text \<open>The kernel of multiplication by \<open>\<gamma>\<close> on \<open>\<complex>/L\<close> has as many elements as the index
  of \<open>\<gamma>L\<close> in \<open>L\<close>, namely the determinant of the matrix of \<open>\<gamma>\<close>.\<close>

lemma card_kernel_mult_le:
  fixes N :: nat
  assumes \<gamma>: "\<gamma> * w1 = of_int A * w1 + of_int B * w2" "\<gamma> * w2 = of_int C * w1 + of_int D * w2"
    and det: "A * D - B * C = 1 \<or> prime (A * D - B * C)"
    and kernel: "\<And>i. i < N \<Longrightarrow> \<gamma> * y i \<in> L"
    and distinct: "\<And>i j. i < N \<Longrightarrow> j < N \<Longrightarrow> y i - y j \<in> L \<Longrightarrow> i = j"
  shows "N \<le> nat (A * D - B * C)"
proof -
  define n where "n = A * D - B * C"
  have "n > 0"
    using det prime_gt_0_int[of n] by (auto simp: n_def)
  have "\<gamma> \<noteq> 0"
  proof
    assume "\<gamma> = 0"
    then have "of_int A * w1 + of_int B * w2 = of_int 0 * w1 + of_int 0 * w2"
      "of_int C * w1 + of_int D * w2 = of_int 0 * w1 + of_int 0 * w2"
      using \<gamma> by simp_all
    then show False
      using \<open>n > 0\<close> unfolding int_combination_eq_iff by (simp add: n_def)
  qed
  obtain r1 r2 where r: "\<forall>m k. (\<exists>u1 u2. m = A * u1 + C * u2 \<and> k = B * u1 + D * u2) \<longleftrightarrow>
      n dvd (r1 * m + r2 * k)"
    using int_matrix_image_functional[OF det] unfolding n_def .
  have "\<forall>i. \<exists>c. i < N \<longrightarrow> \<gamma> * y i = of_int (fst c) * w1 + of_int (snd c) * w2"
    using kernel unfolding lattice_iff by fastforce
  then obtain c where c: "\<And>i. i < N \<Longrightarrow> \<gamma> * y i = of_int (fst (c i)) * w1 + of_int (snd (c i)) * w2"
    by metis
  define \<phi> where "\<phi> i = (r1 * fst (c i) + r2 * snd (c i)) mod n" for i
  have "inj_on \<phi> {..<N}"
  proof (rule inj_onI)
    fix i j assume i: "i \<in> {..<N}" and j: "j \<in> {..<N}" and "\<phi> i = \<phi> j"
    then have "n dvd r1 * (fst (c i) - fst (c j)) + r2 * (snd (c i) - snd (c j))"
      unfolding \<phi>_def mod_eq_dvd_iff by (simp add: algebra_simps)
    then obtain u1 u2 where u: "fst (c i) - fst (c j) = A * u1 + C * u2"
      "snd (c i) - snd (c j) = B * u1 + D * u2"
      using r by blast
    have "\<gamma> * (y i - y j) = of_int (fst (c i) - fst (c j)) * w1 + of_int (snd (c i) - snd (c j)) * w2"
      using c[of i] c[of j] i j by (simp add: right_diff_distrib algebra_simps)
    also have "\<dots> = \<gamma> * (of_int u1 * w1 + of_int u2 * w2)"
      unfolding mult_int_combination[OF \<gamma>] u ..
    finally have "y i - y j \<in> L"
      using \<open>\<gamma> \<noteq> 0\<close> by (simp add: lattice_comb)
    then show "i = j"
      using distinct i j by blast
  qed
  moreover have "\<phi> ` {..<N} \<subseteq> {0..<n}"
    using \<open>n > 0\<close> by (auto simp: \<phi>_def)
  ultimately have "card {..<N} \<le> card {0..<n}"
    by (intro card_inj_on_le) auto
  then show ?thesis
    by (simp add: n_def)
qed
lemma measure_oracle_exceedance_transpose:
  fixes P :: "(nat \<Rightarrow> 'y) measure" and a :: "nat \<Rightarrow> bool" and \<beta> :: real
  assumes sets_P: "sets P = sets (PiM {..<n} (\<lambda>_. Ysp))"
    and s_meas: "\<forall>xv. (\<lambda>yv. s xv yv) \<in> borel_measurable Ysp"
    and exch: "class_exchangeable P Ysp n x"
    and J: "J \<subseteq> {..<n}" and uv: "u \<in> J" "v \<in> J" "x u = x v" and p: "p \<in> J \<times> J"
  defines "\<tau> \<equiv> Transposition.transpose u v"
    and "E \<equiv> \<lambda>p. {y \<in> space P. oracle_quantile s x a J \<beta> y < pair_min (score s x y) p}"
  shows "measure P (E (map_prod \<tau> \<tau> p)) = measure P (E p)"
proof -
  let ?PI = "PiM {..<n} (\<lambda>_. Ysp)"
  define R where "R y = restrict (\<lambda>i. y (\<tau> i)) {..<n}" for y :: "nat \<Rightarrow> 'y"
  have \<tau>_n: "\<tau> i \<in> {..<n}" if "i \<in> {..<n}" for i
    using that uv J by (auto simp: \<tau>_def Transposition.transpose_def)
  have x_\<tau>: "x (\<tau> i) = x i" for i using uv by (auto simp: \<tau>_def Transposition.transpose_def)
  have space_P: "space P = space ?PI" using sets_P by (rule sets_eq_imp_space_eq)
  have R_meas: "R \<in> measurable P ?PI"
    unfolding R_def measurable_cong_sets[OF sets_P refl]
    by (rule measurable_restrict) (rule measurable_component_singleton[OF \<tau>_n])
  have "bij_betw \<tau> {..<n} {..<n}" unfolding \<tau>_def using uv J by (intro bij_betw_transpose_iff) auto
  then have distr_R: "distr P ?PI R = P"
    using exch x_\<tau> unfolding class_exchangeable_def R_def by blast
  have quantile_R: "oracle_quantile s x a J \<beta> (R y) = oracle_quantile s x a J \<beta> y" for y
    using uv J x_\<tau> by (intro oracle_quantile_permute[where \<sigma>=\<tau>]) (auto simp: \<tau>_def R_def)
  have pair_min_R: "pair_min (score s x (R y)) p = pair_min (score s x y) (map_prod \<tau> \<tau> p)" for y
    using p J x_\<tau> by (auto simp: pair_min_def score_def R_def)
  have "R -` E p \<inter> space P = E (map_prod \<tau> \<tau> p)"
    using measurable_space[OF R_meas] space_P by (auto simp: E_def quantile_R pair_min_R)
  moreover have "E p \<in> sets ?PI"
    using sets_oracle_exceedance[OF s_meas J p] space_P by (simp add: E_def)
  ultimately show ?thesis
    using measure_distr[OF R_meas] distr_R by metis
qed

-- Exercise objective --
With the first line being the one containing "define \<phi> where" and the last line the one containing "by (intro card_inj_on_le) auto", transcribe exactly the lines above that fall in that range.

-- Response to the task --
  define \<phi> where "\<phi> i = (r1 * fst (c i) + r2 * snd (c i)) mod n" for i
  have "inj_on \<phi> {..<N}"
  proof (rule inj_onI)
    fix i j assume i: "i \<in> {..<N}" and j: "j \<in> {..<N}" and "\<phi> i = \<phi> j"
    then have "n dvd r1 * (fst (c i) - fst (c j)) + r2 * (snd (c i) - snd (c j))"
      unfolding \<phi>_def mod_eq_dvd_iff by (simp add: algebra_simps)
    then obtain u1 u2 where u: "fst (c i) - fst (c j) = A * u1 + C * u2"
      "snd (c i) - snd (c j) = B * u1 + D * u2"
      using r by blast
    have "\<gamma> * (y i - y j) = of_int (fst (c i) - fst (c j)) * w1 + of_int (snd (c i) - snd (c j)) * w2"
      using c[of i] c[of j] i j by (simp add: right_diff_distrib algebra_simps)
    also have "\<dots> = \<gamma> * (of_int u1 * w1 + of_int u2 * w2)"
      unfolding mult_int_combination[OF \<gamma>] u ..
    finally have "y i - y j \<in> L"
      using \<open>\<gamma> \<noteq> 0\<close> by (simp add: lattice_comb)
    then show "i = j"
      using distinct i j by blast
  qed
  moreover have "\<phi> ` {..<N} \<subseteq> {0..<n}"
    using \<open>n > 0\<close> by (auto simp: \<phi>_def)
  ultimately have "card {..<N} \<le> card {0..<n}"
    by (intro card_inj_on_le) auto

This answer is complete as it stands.